Where a line below holds the string "AutGrp", copy that line.

━━━ Data listing ━━━

lemma solves_iff_fixpoint: "solves q p X \<longleftrightarrow> (\<forall>j\<in>{0..N}. picard_map q p X j = X j)"
proof
  assume X: "solves q p X"
  then have X0: "X 0 = q" by (simp add: solves_def)
  have residual: "p i + A i *v X i = (\<Sum>j=1..N. D i j *\<^sub>R (X j - q))" if i: "i \<in> {1..N}" for i
  proof -
    have "(\<Sum>j=0..N. D i j *\<^sub>R X j) - A i *v X i = p i" using X i by (simp add: solves_def)
    then have "p i + A i *v X i = (\<Sum>j=0..N. D i j *\<^sub>R X j)" by (metis diff_add_cancel)
    then show ?thesis using sum_D_eq_sum_D_diff[of X q i, OF X0 i] by simp
  qed
  show "\<forall>j\<in>{0..N}. picard_map q p X j = X j"
  proof
    fix l assume "l \<in> {0..N}"
    show "picard_map q p X l = X l"
    proof (cases "l = 0")
      case True with X0 show ?thesis by (simp add: picard_map_def)
    next
      case False
      with \<open>l \<in> {0..N}\<close> have l: "l \<in> {1..N}" by auto
      have "(\<Sum>i=1..N. M l i *\<^sub>R (p i + A i *v X i))
              = (\<Sum>i=1..N. M l i *\<^sub>R (\<Sum>j=1..N. D i j *\<^sub>R (X j - q)))"
        using residual by (intro sum.cong) simp_all
      also have "\<dots> = X l - q" by (rule sum_M_sum_D[OF l])
      finally show ?thesis using False by (simp add: picard_map_def)
    qed
  qed
next
  assume fixpoint: "\<forall>j\<in>{0..N}. picard_map q p X j = X j"
  have X0: "X 0 = q" using fixpoint by (rule fixpoint_0)
  have "X j - q = (\<Sum>l=1..N. M j l *\<^sub>R (p l + A l *v X l))" if "j \<in> {1..N}" for j
    using fixpoint_nonzero[OF fixpoint that] by (metis add_diff_cancel_left')
  then have residual: "(\<Sum>j=1..N. D i j *\<^sub>R (X j - q)) = p i + A i *v X i" if "i \<in> {1..N}" for i
    using sum_D_sum_M[OF that, of "\<lambda>l. p l + A l *v X l"] by simp
  show "solves q p X"
    unfolding solves_def
  proof (intro conjI ballI)
    fix i assume i: "i \<in> {1..N}"
    show "(\<Sum>j=0..N. D i j *\<^sub>R X j) - A i *v X i = p i"
      using sum_D_eq_sum_D_diff[of X q i, OF X0 i] residual[OF i] by simp
  qed (rule X0)
qed
(* Let $K$ be a field of characteristic $0$ with algebraic closure $\bar K$ and $G_K=\operatorname{Gal}(\bar K/K)$, let $V$ be an algebraic variety defined over $K$, let $\mathcal{A}_V=\operatorname{Aut}(V)$ be the group of $\bar K$-automorphisms of $V$, and let $f:V\to V$ be a $\bar K$-endomorphism whose field of moduli is contained in $K$, i.e., for every $\sigma\in G_K$ there is $\varphi_\sigma\in\mathcal{A}_V$ with $f^\sigma=f^{\varphi_\sigma}$. Let $\mathcal{A}_f=\{\alpha\in\mathcal{A}_V: f^\alpha=f\}$, so that $\varphi_\sigma$ is well defined as an element of $\mathcal{A}_f\backslash\mathcal{A}_V$, giving a map $\varphi:G_K\to\mathcal{A}_f\backslash\mathcal{A}_V$. Let $\mathcal{N}_f$ be the normalizer of $\mathcal{A}_f$ in $\mathcal{A}_V$. Assume that $\mathcal{A}_f$ is finite and that $\mathcal{A}_f$ is defined over $K$ (i.e., $\alpha^\sigma\in\mathcal{A}_f$ for all $\alpha\in\mathcal{A}_f$, $\sigma\in G_K$). Then: (a) $\varphi_\sigma\in\mathcal{N}_f$ for every $\sigma\in G_K$ (for any choice of representative), and $\varphi:G_K\to\mathcal{A}_f\backslash\mathcal{N}_f$ is a $1$-cocycle with values in a group, i.e., $\varphi_{\sigma\tau}\equiv\varphi_\tau\varphi_\sigma^\tau\pmod{\mathcal{A}_f}$ for all $\sigma,\tau\in G_K$; hence it gives an element of $H^1(G_K,\mathcal{A}_f\backslash\mathcal{N}_f)$. (b) The following are equivalent: (1) there is $\gamma\in\mathcal{A}_V$ such that $f^\gamma$ is defined over $K$ (i.e., $K$ is a field of definition for $f$); (2) there is $\delta\in\mathcal{A}_V$ such that $\varphi_\sigma=\mathcal{A}_f\delta^{-1}\delta^\sigma$ for all $\sigma\in G_K$ (i.e., $\varphi$ is a $G_K$-to-$\mathcal{A}_f\backslash\mathcal{N}_f$ coboundary).
   Context: For $\varphi\in\mathcal{A}_V$, $f^\varphi:=\varphi^{-1}\circ f\circ\varphi$. For $\sigma\in G_K$, $f^\sigma$ and $\varphi^\sigma$ denote the maps obtained by applying $\sigma$ to coefficients; Galois action is written exponentially as a right action, so $(x^\sigma)^\tau=x^{\sigma\tau}$, and $(f^\varphi)^\sigma=(f^\sigma)^{\varphi^\sigma}$. *)

theory Defs
  imports "HOL-Algebra.Group_Action"
begin

text \<open>E is the monoid of Kbar-endomorphisms of V under composition
  (mult x y = x o y), so Units E is Aut(V). G is the absolute Galois group G_K.
  gal x s is x^s, the endomorphism obtained by applying s to coefficients;
  it is a right action by monoid endomorphisms.\<close>

locale galois_endo_action =
  E: monoid E + G: group G
  for E (structure) and G (structure) and gal :: "'e \<Rightarrow> 'g \<Rightarrow> 'e" +
  assumes gal_closed: "\<lbrakk>x \<in> carrier E; s \<in> carrier G\<rbrakk> \<Longrightarrow> gal x s \<in> carrier E"
    and gal_mult: "\<lbrakk>x \<in> carrier E; y \<in> carrier E; s \<in> carrier G\<rbrakk>
        \<Longrightarrow> gal (x \<otimes>\<^bsub>E\<^esub> y) s = gal x s \<otimes>\<^bsub>E\<^esub> gal y s"
    and gal_one: "s \<in> carrier G \<Longrightarrow> gal \<one>\<^bsub>E\<^esub> s = \<one>\<^bsub>E\<^esub>"
    and gal_comp: "\<lbrakk>x \<in> carrier E; s \<in> carrier G; t \<in> carrier G\<rbrakk>
        \<Longrightarrow> gal (gal x s) t = gal x (s \<otimes>\<^bsub>G\<^esub> t)"
    and gal_id: "x \<in> carrier E \<Longrightarrow> gal x \<one>\<^bsub>G\<^esub> = x"

definition conj_by :: "('e, 'm) monoid_scheme \<Rightarrow> 'e \<Rightarrow> 'e \<Rightarrow> 'e" where
  "conj_by E f \<phi> = inv\<^bsub>E\<^esub> \<phi> \<otimes>\<^bsub>E\<^esub> f \<otimes>\<^bsub>E\<^esub> \<phi>"

abbreviation AutGrp :: "('e, 'm) monoid_scheme \<Rightarrow> 'e monoid" where
  "AutGrp E \<equiv> units_of E"

definition Aut_f :: "('e, 'm) monoid_scheme \<Rightarrow> 'e \<Rightarrow> 'e set" where
  "Aut_f E f = {\<alpha> \<in> Units E. conj_by E f \<alpha> = f}"

definition Norm_f :: "('e, 'm) monoid_scheme \<Rightarrow> 'e \<Rightarrow> 'e set" where
  "Norm_f E f = normalizer (AutGrp E) (Aut_f E f)"

definition defined_over_K :: "('g, 'n) monoid_scheme \<Rightarrow> ('e \<Rightarrow> 'g \<Rightarrow> 'e) \<Rightarrow> 'e \<Rightarrow> bool" where
  "defined_over_K G gal x \<longleftrightarrow> (\<forall>s \<in> carrier G. gal x s = x)"

end

theory Submission
  imports Defs "HOL-Algebra.Zassenhaus"
begin

text \<open>Conjugation transports stabilizers, A_(f^phi) = phi^-1 A_f phi, while applying sigma
  gives A_(f^sigma) = (A_f)^sigma = A_f; hence every phi_sigma normalizes A_f. Since f^phi = f^psi
  iff phi psi^-1 lies in A_f, identities between conjugates of f are identities between right
  cosets of A_f. Applying tau to f^sigma = f^(phi_sigma) gives the cocycle relation, and f^gamma is
  fixed by sigma exactly when f^sigma = f^(delta^-1 delta^sigma) for delta = gamma^-1.\<close>

lemma (in group) rcos_eq_iff:
  assumes "subgroup H G" "a \<in> carrier G" "b \<in> carrier G"
  shows "H #> a = H #> b \<longleftrightarrow> a \<otimes> inv b \<in> H"
  using assms repr_independence rcos_self subgroup.rcos_module[OF _ is_group] by metis

context monoid begin

lemma Units_inv_mult:
  assumes "a \<in> Units G" "b \<in> Units G"
  shows "inv (a \<otimes> b) = inv b \<otimes> inv a"
  using group.inv_mult_group[OF units_group, of a b] assms
  by (simp add: units_of_carrier units_of_mult units_of_inv)

lemma Units_conj_cancel:
  assumes "\<phi> \<in> Units G" "x \<in> carrier G"
  shows "inv \<phi> \<otimes> (\<phi> \<otimes> x \<otimes> inv \<phi>) \<otimes> \<phi> = x" and "\<phi> \<otimes> (inv \<phi> \<otimes> x \<otimes> \<phi>) \<otimes> inv \<phi> = x"
  using assms by (simp_all add: m_assoc Units_closed) (simp_all add: m_assoc[symmetric] Units_closed)

lemma conj_by_closed: "f \<in> carrier G \<Longrightarrow> \<phi> \<in> Units G \<Longrightarrow> conj_by G f \<phi> \<in> carrier G"
  unfolding conj_by_def by auto

lemma conj_by_one: "f \<in> carrier G \<Longrightarrow> conj_by G f \<one> = f"
  unfolding conj_by_def by simp

lemma conj_by_mult:
  assumes "f \<in> carrier G" "a \<in> Units G" "b \<in> Units G"
  shows "conj_by G (conj_by G f a) b = conj_by G f (a \<otimes> b)"
  using assms unfolding conj_by_def by (simp add: Units_inv_mult m_assoc Units_closed)

lemma conj_by_inv_eq_iff:
  assumes "x \<in> carrier G" "y \<in> carrier G" "a \<in> Units G"
  shows "conj_by G x (inv a) = y \<longleftrightarrow> x = conj_by G y a"
  using assms unfolding conj_by_def
  by (auto simp: m_assoc Units_closed) (simp_all add: m_assoc[symmetric] Units_closed)

lemma conj_by_eq_iff:
  assumes "f \<in> carrier G" "a \<in> Units G" "b \<in> Units G"
  shows "conj_by G f a = conj_by G f b \<longleftrightarrow> a \<otimes> inv b \<in> Aut_f G f"
proof -
  have "conj_by G f (a \<otimes> inv b) = conj_by G (conj_by G f a) (inv b)"
    using assms by (simp add: conj_by_mult)
  also have "\<dots> = f \<longleftrightarrow> conj_by G f a = conj_by G f b"
    using assms by (simp add: conj_by_inv_eq_iff conj_by_closed)
  finally show ?thesis
    using assms by (auto simp: Aut_f_def)
qed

━━━

## Response:
abbreviation AutGrp :: "('e, 'm) monoid_scheme \<Rightarrow> 'e monoid" where
  "AutGrp E \<equiv> units_of E"
  "Norm_f E f = normalizer (AutGrp E) (Aut_f E f)"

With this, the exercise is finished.